A year-and-a-half after the National Association of Realtors’ commercial tech partner, Xceligent, shut down, NAR is partnering with another real estate platform. And it’s not the CoStar Group.
NAR, the largest trade association in the U.S. with more than 1.3 million residential and commercial real estate members, finalized an agreement with the Commercial Real Estate Exchange Inc., known as Crexi, according to a release.
Crexi is a venture-back commercial real estate marketplace and technology platform for buyers, brokers, agents and tenants. The Marina Del Rey, California-based company, led by founder and CEO Michael DeGiorgio, was launched in 2015 and opened a Miami office in 2016. It has listed more than 90,000 commercial properties and facilitated deals totaling more than $450 billion in property value, the release states.
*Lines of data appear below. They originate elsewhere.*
(* For every $k\in\mathbb{N}$ there exists a 2-coloring of the edges of $K_\mathbb{N}$ such that every set $X\subseteq\mathbb{N}$ which is $k$-wise self-intersecting in some color has upper density at most $1/(2k)$.
   Context: For a 2-coloring of $K_\mathbb{N}$ (vertex set $\mathbb{N}$) and a color $i$, let $N_i(v)$ be the set of vertices joined to $v$ by an edge of color $i$, and for finite nonempty $S$ let $N_i^\cap(S)=\bigcap_{v\in S}N_i(v)$. A set $X\subseteq\mathbb{N}$ is $k$-wise self-intersecting in color $i$ if for every nonempty $S\subseteq X$ with $|S|\le k$, the set $X\cap N_i^\cap(S)$ is infinite. Upper density: $\overline{d}(X)=\limsup_{t\to\infty}|X\cap\{1,\dots,t\}|/t$. *)

theory Defs
  imports Complex_Main "HOL-Library.Liminf_Limsup" "HOL-Library.Extended_Real"
begin

text \<open>A 2-colouring of the edges of the complete graph on \<nat> is a symmetric
  function c :: nat \<Rightarrow> nat \<Rightarrow> bool; the colour of edge {u,v} (u \<noteq> v) is c u v.
  Values on the diagonal are irrelevant.\<close>

definition two_coloring :: "(nat \<Rightarrow> nat \<Rightarrow> bool) \<Rightarrow> bool" where
  "two_coloring c \<longleftrightarrow> (\<forall>u v. c u v = c v u)"

definition nbhd :: "(nat \<Rightarrow> nat \<Rightarrow> bool) \<Rightarrow> bool \<Rightarrow> nat \<Rightarrow> nat set" where
  "nbhd c i v = {u. u \<noteq> v \<and> c v u = i}"

definition common_nbhd :: "(nat \<Rightarrow> nat \<Rightarrow> bool) \<Rightarrow> bool \<Rightarrow> nat set \<Rightarrow> nat set" where
  "common_nbhd c i S = (\<Inter>v\<in>S. nbhd c i v)"

definition kwise_self_intersecting ::
  "(nat \<Rightarrow> nat \<Rightarrow> bool) \<Rightarrow> bool \<Rightarrow> nat \<Rightarrow> nat set \<Rightarrow> bool" where
  "kwise_self_intersecting c i k X \<longleftrightarrow>
     (\<forall>S. S \<subseteq> X \<and> S \<noteq> {} \<and> finite S \<and> card S \<le> k \<longrightarrow> infinite (X \<inter> common_nbhd c i S))"

definition upper_density :: "nat set \<Rightarrow> ereal" where
  "upper_density X = limsup (\<lambda>t. ereal (real (card (X \<inter> {1..t})) / real t))"

end

theory Submission
  imports Defs
begin

text \<open>Colour an edge by the residues of its endpoints modulo 2k. If the larger endpoint lies
  in the lower half of the residues, colour True joins equal residues; if it lies in the upper
  half, colour True joins different residues. Now let X be k-wise self-intersecting in colour i.
  Elements of X in the "wrong" half for i are excluded: representatives of the (at most k)
  residues of X in that half would have no common i-neighbour far out in X. Inside the right half
  colour i joins only equal residues, so two elements of X with different residues would again
  have no common i-neighbour far out. Hence X lies in one residue class modulo 2k, and its upper
  density is at most 1/(2k).\<close>

definition residue_coloring :: "nat \<Rightarrow> nat \<Rightarrow> nat \<Rightarrow> bool" where
  "residue_coloring k u v \<longleftrightarrow> (u mod (2*k) = v mod (2*k)) = (max u v mod (2*k) < k)"

lemma two_coloring_residue_coloring: "two_coloring (residue_coloring k)"
  unfolding two_coloring_def residue_coloring_def by (auto simp: max.commute)

lemma residue_coloring_less_eq:
  assumes "s < x"
  shows "residue_coloring k s x = i \<longleftrightarrow>
           (s mod (2*k) = x mod (2*k)) = ((x mod (2*k) < k) = i)"
  using assms unfolding residue_coloring_def by (auto simp: max_def)

lemma not_kwise_self_intersecting_if_blocked:
  assumes "S \<subseteq> X" "S \<noteq> {}" "finite S" "card S \<le> k"
    and blocked: "\<And>x. x \<in> X \<Longrightarrow> \<forall>s\<in>S. s < x \<Longrightarrow> \<exists>s\<in>S. c s x \<noteq> i"
  shows "\<not> kwise_self_intersecting c i k X"
proof
  assume K: "kwise_self_intersecting c i k X"
  have "X \<inter> common_nbhd c i S \<subseteq> {..Max S}"
  proof
    fix x assume x: "x \<in> X \<inter> common_nbhd c i S"
    have "\<not> (\<forall>s\<in>S. s < x)"
    proof
      assume "\<forall>s\<in>S. s < x"
      then obtain s where "s \<in> S" "c s x \<noteq> i" using blocked x by blast
      moreover have "x \<in> nbhd c i s" using x \<open>s \<in> S\<close> unfolding common_nbhd_def by blast
      ultimately show False unfolding nbhd_def by simp
    qed
    then obtain s where "s \<in> S" "x \<le> s" by (auto simp: not_less)
    then show "x \<in> {..Max S}" using \<open>finite S\<close> by (meson Max_ge atMost_iff order_trans)
  qed
  then have "finite (X \<inter> common_nbhd c i S)" by (rule finite_subset) simp
  then show False using K assms(1-4) unfolding kwise_self_intersecting_def by blast
qed

lemma card_half_residues: "card {r. r < 2*k \<and> (r < k) = j} = k"
proof (cases j)
  case True
  then have "{r. r < 2*k \<and> (r < k) = j} = {..<k}" by auto
  then show ?thesis by simp
next
  case False
  then have "{r. r < 2*k \<and> (r < k) = j} = {k..<2*k}" by auto
  then show ?thesis by simp
qed

lemma card_le_if_distinct_residues_in_half:
  assumes "k \<ge> 1" "inj_on (\<lambda>x. x mod (2*k)) S" "\<forall>x\<in>S. (x mod (2*k) < k) = j"
  shows "card S \<le> k"
proof -
  have "card S = card ((\<lambda>x. x mod (2*k)) ` S)" using assms(2) by (simp add: card_image)
  also have "\<dots> \<le> card {r. r < 2*k \<and> (r < k) = j}"
    using assms(1,3) by (intro card_mono) auto
  finally show ?thesis by (simp add: card_half_residues)
qed

lemma kwise_residue_coloring_in_half:
  assumes k: "k \<ge> 1" and K: "kwise_self_intersecting (residue_coloring k) i k X"
    and "y \<in> X"
  shows "(y mod (2*k) < k) = i"
proof (rule ccontr)
  define Y where "Y = {x \<in> X. (x mod (2*k) < k) \<noteq> i}"
  define rep where "rep = inv_into Y (\<lambda>x. x mod (2*k))"
  define S where "S = rep ` (\<lambda>x. x mod (2*k)) ` Y"
  assume "(y mod (2*k) < k) \<noteq> i"
  then have "y \<in> Y" unfolding Y_def using \<open>y \<in> X\<close> by blast
  have rep_in_S: "rep (x mod (2*k)) \<in> S" if "x \<in> Y" for x
    unfolding S_def using that by blast
  have rep_in_Y: "rep (x mod (2*k)) \<in> Y" if "x \<in> Y" for x
    unfolding rep_def using that by (blast intro: inv_into_into)
  have rep_mod: "rep (x mod (2*k)) mod (2*k) = x mod (2*k)" if "x \<in> Y" for x
    unfolding rep_def using that f_inv_into_f[of "x mod (2*k)" "\<lambda>x. x mod (2*k)" Y] by blast
  have "S \<subseteq> Y" unfolding S_def using rep_in_Y by blast
  have "\<not> kwise_self_intersecting (residue_coloring k) i k X"
  proof (rule not_kwise_self_intersecting_if_blocked)
    show "S \<subseteq> X" using \<open>S \<subseteq> Y\<close> unfolding Y_def by blast
    show "S \<noteq> {}" using rep_in_S[OF \<open>y \<in> Y\<close>] by blast
    have "(\<lambda>x. x mod (2*k)) ` Y \<subseteq> {..<2*k}" using k by auto
    then show "finite S" unfolding S_def by (blast intro: finite_subset)
    have "inj_on (\<lambda>x. x mod (2*k)) S"
      unfolding S_def by (rule inj_onI) (auto simp: rep_mod)
    then show "card S \<le> k"
      using k \<open>S \<subseteq> Y\<close> by (intro card_le_if_distinct_residues_in_half[where j = "\<not> i"])
        (auto simp: Y_def)
  next
    fix x assume "x \<in> X" and above: "\<forall>s\<in>S. s < x"
    show "\<exists>s\<in>S. residue_coloring k s x \<noteq> i"
    proof (cases "x \<in> Y")
      case True
      let ?s = "rep (x mod (2*k))"
      have "?s mod (2*k) = x mod (2*k)" "(x mod (2*k) < k) \<noteq> i"
        using True rep_mod unfolding Y_def by auto
      then have "residue_coloring k ?s x \<noteq> i"
        using above rep_in_S[OF True] by (simp add: residue_coloring_less_eq)
      then show ?thesis using rep_in_S[OF True] by blast
    next
      case False
      let ?s = "rep (y mod (2*k))"
      have "(x mod (2*k) < k) = i" using False \<open>x \<in> X\<close> unfolding Y_def by blast
      moreover have "(?s mod (2*k) < k) \<noteq> i"
        using rep_in_Y[OF \<open>y \<in> Y\<close>] unfolding Y_def by blast
      ultimately have "?s mod (2*k) \<noteq> x mod (2*k)" by auto
      then have "residue_coloring k ?s x \<noteq> i"
        using above rep_in_S[OF \<open>y \<in> Y\<close>] \<open>(x mod (2*k) < k) = i\<close>
        by (simp add: residue_coloring_less_eq)
      then show ?thesis using rep_in_S[OF \<open>y \<in> Y\<close>] by blast
    qed
  qed
  then show False using K by blast
qed

lemma kwise_residue_coloring_single_residue:
  assumes k: "k \<ge> 1" and K: "kwise_self_intersecting (residue_coloring k) i k X"
    and "x1 \<in> X" "x2 \<in> X"
  shows "x1 mod (2*k) = x2 mod (2*k)"
proof (rule ccontr)
  assume distinct: "x1 mod (2*k) \<noteq> x2 mod (2*k)"
  have half: "(x mod (2*k) < k) = i" if "x \<in> X" for x
    using kwise_residue_coloring_in_half[OF k K that] .
  have "\<not> kwise_self_intersecting (residue_coloring k) i k X"
  proof (rule not_kwise_self_intersecting_if_blocked)
    show "{x1, x2} \<subseteq> X" "{x1, x2} \<noteq> {}" "finite {x1, x2}"
      using \<open>x1 \<in> X\<close> \<open>x2 \<in> X\<close> by auto
    have "inj_on (\<lambda>x. x mod (2*k)) {x1, x2}" using distinct by auto
    then show "card {x1, x2} \<le> k"
      using k half \<open>x1 \<in> X\<close> \<open>x2 \<in> X\<close> by (intro card_le_if_distinct_residues_in_half) auto
  next
    fix x assume "x \<in> X" and above: "\<forall>s\<in>{x1, x2}. s < x"
    have "x1 mod (2*k) \<noteq> x mod (2*k) \<or> x2 mod (2*k) \<noteq> x mod (2*k)" using distinct by auto
    then obtain s where "s \<in> {x1, x2}" "s mod (2*k) \<noteq> x mod (2*k)" by blast
    moreover have "s < x" using above \<open>s \<in> {x1, x2}\<close> by blast
    ultimately have "residue_coloring k s x \<noteq> i"
      using half[OF \<open>x \<in> X\<close>] by (simp add: residue_coloring_less_eq)
    then show "\<exists>s\<in>{x1, x2}. residue_coloring k s x \<noteq> i" using \<open>s \<in> {x1, x2}\<close> by blast
  qed
  then show False using K by blast
qed

lemma card_residue_class_le:
  assumes "m > 0"
  shows "card {u \<in> {1..t}. u mod m = r} \<le> t div m + 1"
proof -
  have "inj_on (\<lambda>u. u div m) {u \<in> {1..t}. u mod m = r}"
    by (rule inj_onI) (metis (mono_tags) div_mult_mod_eq mem_Collect_eq)
  moreover have "(\<lambda>u. u div m) ` {u \<in> {1..t}. u mod m = r} \<subseteq> {0..t div m}"
    by (auto intro: div_le_mono)
  ultimately have "card {u \<in> {1..t}. u mod m = r} \<le> card {0..t div m}"
    by (rule card_inj_on_le) simp
  then show ?thesis by simp
qed

lemma upper_density_residue_class_le:
  assumes m: "m > 0" and X: "\<forall>x\<in>X. x mod m = r"
  shows "upper_density X \<le> ereal (1 / real m)"
proof -
  have "eventually (\<lambda>t. ereal (real (card (X \<inter> {1..t})) / real t)
          \<le> ereal (1 / real m + 1 / real t)) sequentially"
  proof (rule eventually_sequentiallyI[of 1])
    fix t :: nat assume t: "t \<ge> 1"
    have "card (X \<inter> {1..t}) \<le> card {u \<in> {1..t}. u mod m = r}"
      using X by (intro card_mono) auto
    also have "\<dots> \<le> t div m + 1" using card_residue_class_le[OF m] .
    finally have "real (card (X \<inter> {1..t})) \<le> real (t div m) + 1" by linarith
    also have "real (t div m) \<le> real t / real m" by (rule of_nat_div_le_of_nat)
    finally have "real (card (X \<inter> {1..t})) / real t \<le> (real t / real m + 1) / real t"
      using t by (intro divide_right_mono) auto
    also have "\<dots> = 1 / real m + 1 / real t" using t m by (simp add: field_simps)
    finally show "ereal (real (card (X \<inter> {1..t})) / real t) \<le> ereal (1 / real m + 1 / real t)"
      by simp
  qed
  then have "upper_density X \<le> limsup (\<lambda>t. ereal (1 / real m + 1 / real t))"
    unfolding upper_density_def by (rule Limsup_mono)
  also have "\<dots> = ereal (1 / real m)"
  proof (rule lim_imp_Limsup)
    have "((\<lambda>t. 1 / real m + 1 / real t) \<longlongrightarrow> 1 / real m + 0) sequentially"
      by (intro tendsto_intros lim_1_over_n)
    then show "((\<lambda>t. ereal (1 / real m + 1 / real t)) \<longlongrightarrow> ereal (1 / real m)) sequentially"
      by simp
  qed simp
  finally show ?thesis .
qed

theorem mainTheorem11:
  fixes k :: nat
  assumes "k \<ge> 1"
  shows "\<exists>c. two_coloring c \<and>
           (\<forall>i X. kwise_self_intersecting c i k X \<longrightarrow> upper_density X \<le> ereal (1 / (2 * real k)))"
proof (intro exI conjI allI impI)
  show "two_coloring (residue_coloring k)" by (rule two_coloring_residue_coloring)
  fix i X assume K: "kwise_self_intersecting (residue_coloring k) i k X"
  obtain r where "\<forall>x\<in>X. x mod (2*k) = r"
    using kwise_residue_coloring_single_residue[OF assms K] by (cases "X = {}") blast+
  then show "upper_density X \<le> ereal (1 / (2 * real k))"
    using upper_density_residue_class_le[of "2*k" X r] assms by simp
qed

end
Crexi will integrate its data with Realtors Property Resource, a database for commercial and residential realtors.
“In the evolving world of real estate technology, it is crucial that NAR aligns with an innovative, public facing commercial listing portal that aggregates data from multiple sources, displays commercial properties and creates national exposure for our members’ listings,” NAR CEO Bob Goldberg said in the release.
Crexi, which has a free service, will give NAR members an exclusive discount for its premium service, according to Crexi’s vice president of operations and strategy, Eli Randel.
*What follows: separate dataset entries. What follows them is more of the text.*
lemma seminorms_equivalent:
  assumes R1: "property2 d G x0 R1" and R2: "property2 d G x0 R2"
  shows "\<exists>c>0. \<forall>u N. (\<forall>g\<in>G. u g \<in> carrier_vec d) \<and> N \<ge> 1 \<and> m0 dvd N \<and> periodic G (Tpow d T N) u \<longrightarrow>
    (\<forall>p\<in>set (seminorm_list R1 R2 N). \<forall>q\<in>set (seminorm_list R1 R2 N). p u \<le> c * q u)"
proof -
  obtain A11 where A11: "A11 \<ge> 1" "\<forall>u N. displacement u \<longrightarrow> admissible_period N \<longrightarrow> periodic G (TN N) u \<longrightarrow>
      norm00 d1 d2 x0 R1 (C N) u \<le> A11 * semi00 d1 d2 x0 R1 (C N) u"
    using norm00_le_semi00[OF R1 R1] by blast
  obtain A12 where A12: "A12 \<ge> 1" "\<forall>u N. displacement u \<longrightarrow> admissible_period N \<longrightarrow> periodic G (TN N) u \<longrightarrow>
      norm00 d1 d2 x0 R1 (C N) u \<le> A12 * semi00 d1 d2 x0 R2 (C N) u"
    using norm00_le_semi00[OF R2 R1] by blast
  obtain A21 where A21: "A21 \<ge> 1" "\<forall>u N. displacement u \<longrightarrow> admissible_period N \<longrightarrow> periodic G (TN N) u \<longrightarrow>
      norm00 d1 d2 x0 R2 (C N) u \<le> A21 * semi00 d1 d2 x0 R1 (C N) u"
    using norm00_le_semi00[OF R1 R2] by blast
  obtain A22 where A22: "A22 \<ge> 1" "\<forall>u N. displacement u \<longrightarrow> admissible_period N \<longrightarrow> periodic G (TN N) u \<longrightarrow>
      norm00 d1 d2 x0 R2 (C N) u \<le> A22 * semi00 d1 d2 x0 R2 (C N) u"
    using norm00_le_semi00[OF R2 R2] by blast
  obtain B1 where B1: "B1 \<ge> 1" "\<forall>u N. displacement u \<longrightarrow> admissible_period N \<longrightarrow>
      semi00 d1 d2 x0 R1 (C N) u \<le> B1 * norm00 d1 d2 x0 R1 (C N) u"
    using semi00_le_norm00[OF R1] by blast
  obtain B2 where B2: "B2 \<ge> 1" "\<forall>u N. displacement u \<longrightarrow> admissible_period N \<longrightarrow>
      semi00 d1 d2 x0 R2 (C N) u \<le> B2 * norm00 d1 d2 x0 R2 (C N) u"
    using semi00_le_norm00[OF R2] by blast
  define A where "A = max (max A11 A12) (max A21 A22)"
  define B where "B = max B1 B2"
  have AB: "1 \<le> A" "1 \<le> B" unfolding A_def B_def using A11 B1 by auto
  have le_A: "A11 \<le> A" "A12 \<le> A" "A21 \<le> A" "A22 \<le> A" and le_B: "B1 \<le> B" "B2 \<le> B"
    unfolding A_def B_def by auto
  have "\<forall>p\<in>set (seminorm_list R1 R2 N). \<forall>q\<in>set (seminorm_list R1 R2 N). p u \<le> A * B * B * q u"
    if hyps: "(\<forall>g\<in>G. u g \<in> carrier_vec d) \<and> N \<ge> 1 \<and> m0 dvd N \<and> periodic G (Tpow d T N) u" for u N
  proof -
    note adm = admissibleD[OF hyps]
    have nonneg: "0 \<le> norm00 d1 d2 x0 R1 (C N) u" "0 \<le> norm00 d1 d2 x0 R2 (C N) u"
      "0 \<le> semi00 d1 d2 x0 R1 (C N) u" "0 \<le> semi00 d1 d2 x0 R2 (C N) u"
      unfolding norm00_eq_rms semi00_eq_rms by (rule rms_nonneg)+
    have "\<forall>p\<in>{norm00 d1 d2 x0 R1 (C N) u, norm00 d1 d2 x0 R2 (C N) u, semi00 d1 d2 x0 R1 (C N) u,
        semi00 d1 d2 x0 R2 (C N) u}. \<forall>q\<in>{norm00 d1 d2 x0 R1 (C N) u, norm00 d1 d2 x0 R2 (C N) u,
        semi00 d1 d2 x0 R1 (C N) u, semi00 d1 d2 x0 R2 (C N) u}. p \<le> A * B * B * q"
    proof (rule le_all_pairs_of_cross_bounds[OF nonneg AB])
      show "norm00 d1 d2 x0 R1 (C N) u \<le> A * semi00 d1 d2 x0 R1 (C N) u"
        by (rule le_mult_factor_mono[OF A11(2)[rule_format, OF adm] le_A(1) nonneg(3)])
      show "norm00 d1 d2 x0 R1 (C N) u \<le> A * semi00 d1 d2 x0 R2 (C N) u"
        by (rule le_mult_factor_mono[OF A12(2)[rule_format, OF adm] le_A(2) nonneg(4)])
      show "norm00 d1 d2 x0 R2 (C N) u \<le> A * semi00 d1 d2 x0 R1 (C N) u"
        by (rule le_mult_factor_mono[OF A21(2)[rule_format, OF adm] le_A(3) nonneg(3)])
      show "norm00 d1 d2 x0 R2 (C N) u \<le> A * semi00 d1 d2 x0 R2 (C N) u"
        by (rule le_mult_factor_mono[OF A22(2)[rule_format, OF adm] le_A(4) nonneg(4)])
      show "semi00 d1 d2 x0 R1 (C N) u \<le> B * norm00 d1 d2 x0 R1 (C N) u"
        by (rule le_mult_factor_mono[OF B1(2)[rule_format, OF adm(1,2)] le_B(1) nonneg(1)])
      show "semi00 d1 d2 x0 R2 (C N) u \<le> B * norm00 d1 d2 x0 R2 (C N) u"
        by (rule le_mult_factor_mono[OF B2(2)[rule_format, OF adm(1,2)] le_B(2) nonneg(2)])
    qed
    then show ?thesis by simp
  qed
  moreover have "0 < A * B * B" using AB by simp
  ultimately show ?thesis by blast
qed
NAR previously had a partnership with Xceligent, a Blue Springs, Missouri-based real estate data firm. Embroiled in a multimillion-dollar lawsuit with CoStar, Xceligent shut down and filed for Chapter 7 liquidation in December 2017. NAR first inked a deal with Xceligent in 2012, making it the exclusive provider of commercial real estate information services with NAR members.
CoStar has long dominated the commercial real estate data space. Earlier this year, Moody’s Analytics launched its long-planned commercial real estate data portal in a move to compete with CoStar. Despite the growing threat of Moody’s, CoStar’s reported a 20 percent annual jump in revenue in April.